For each line below that includes the word "using", make a copy.

*** Opening SUPPLIED RECORDS ***

lemma norm_resolvent_le:
  assumes "l \<noteq> 0"
  shows "\<bar>l\<bar> * norm (resolvent l y) \<le> norm y"
proof -
  have "\<bar>l\<bar> * norm (resolvent l y) \<le> norm (l *\<^sub>R resolvent l y - gen (resolvent l y))"
    by (rule norm_scaleR_minus_gen_ge[OF resolvent_in_dom[OF assms]])
  then show ?thesis
    by (simp add: gen_resolvent[OF assms])
qed

lemma bounded_linear_resolvent: "l \<noteq> 0 \<Longrightarrow> bounded_linear (resolvent l)"
proof (rule bounded_linear_intro[where K="1 / \<bar>l\<bar>"])
  fix y
  assume "l \<noteq> 0"
  then show "norm (resolvent l y) \<le> norm y * (1 / \<bar>l\<bar>)"
    using norm_resolvent_le[of l y] by (simp add: field_simps)
qed (simp_all add: resolvent_add resolvent_scaleR)

lemma resolvent_gen: "l \<noteq> 0 \<Longrightarrow> x \<in> D \<Longrightarrow> resolvent l (gen x) = l *\<^sub>R resolvent l x - x"
proof -
  assume "l \<noteq> 0" "x \<in> D"
  then have "resolvent l (l *\<^sub>R x - gen x) = x"
    by (intro resolvent_unique) auto
  with \<open>l \<noteq> 0\<close> show ?thesis
    by (simp add: resolvent_diff resolvent_scaleR algebra_simps)
qed

lemma resolvent_gen_commute: "l \<noteq> 0 \<Longrightarrow> x \<in> D \<Longrightarrow> resolvent l (gen x) = gen (resolvent l x)"
  by (simp add: resolvent_gen gen_resolvent)

lemma resolvent_commute:
  assumes a: "a \<noteq> 0" and b: "b \<noteq> 0"
  shows "resolvent a (resolvent b y) = resolvent b (resolvent a y)"
proof -
  define u where "u = resolvent a (resolvent b y)"
  have "u \<in> D"
    using resolvent_in_dom[OF a] by (simp add: u_def)
  have gen_u: "gen u = a *\<^sub>R u - resolvent b y"
    using gen_resolvent[OF a] by (simp add: u_def)
  have "gen u \<in> D"
    using gen_u \<open>u \<in> D\<close> resolvent_in_dom[OF b] by (simp add: dom_diff dom_scaleR)
  define v where "v = b *\<^sub>R u - gen u"
  have "v \<in> D"
    using \<open>u \<in> D\<close> \<open>gen u \<in> D\<close> by (simp add: v_def dom_diff dom_scaleR)
  have "gen (gen u) = a *\<^sub>R gen u - (b *\<^sub>R resolvent b y - y)"
    using \<open>u \<in> D\<close> resolvent_in_dom[OF b] gen_resolvent[OF b]
    by (simp add: gen_u gen_diff gen_scaleR dom_scaleR)
  moreover have "gen v = b *\<^sub>R gen u - gen (gen u)"
    using \<open>u \<in> D\<close> \<open>gen u \<in> D\<close> by (simp add: v_def gen_diff gen_scaleR dom_scaleR)
  ultimately have "gen v = b *\<^sub>R gen u - a *\<^sub>R gen u + (b *\<^sub>R resolvent b y - y)"
    by simp
  then have "a *\<^sub>R v - gen v = y"
    unfolding v_def by (simp add: gen_u algebra_simps)
  then have "resolvent a y = v"
    using a \<open>v \<in> D\<close> by (intro resolvent_unique)
  then have "resolvent b (resolvent a y) = u"
    using b \<open>u \<in> D\<close> by (simp add: resolvent_unique v_def)
  then show ?thesis
    by (simp add: u_def)
qed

*** Closing SUPPLIED RECORDS ***

OUTPUT FOR THIS EXERCISE
    using norm_resolvent_le[of l y] by (simp add: field_simps)
    using resolvent_in_dom[OF a] by (simp add: u_def)
    using gen_resolvent[OF a] by (simp add: u_def)
    using gen_u \<open>u \<in> D\<close> resolvent_in_dom[OF b] by (simp add: dom_diff dom_scaleR)
    using \<open>u \<in> D\<close> \<open>gen u \<in> D\<close> by (simp add: v_def dom_diff dom_scaleR)
    using \<open>u \<in> D\<close> resolvent_in_dom[OF b] gen_resolvent[OF b]
    using \<open>u \<in> D\<close> \<open>gen u \<in> D\<close> by (simp add: v_def gen_diff gen_scaleR dom_scaleR)
    using a \<open>v \<in> D\<close> by (intro resolvent_unique)
    using b \<open>u \<in> D\<close> by (simp add: resolvent_unique v_def)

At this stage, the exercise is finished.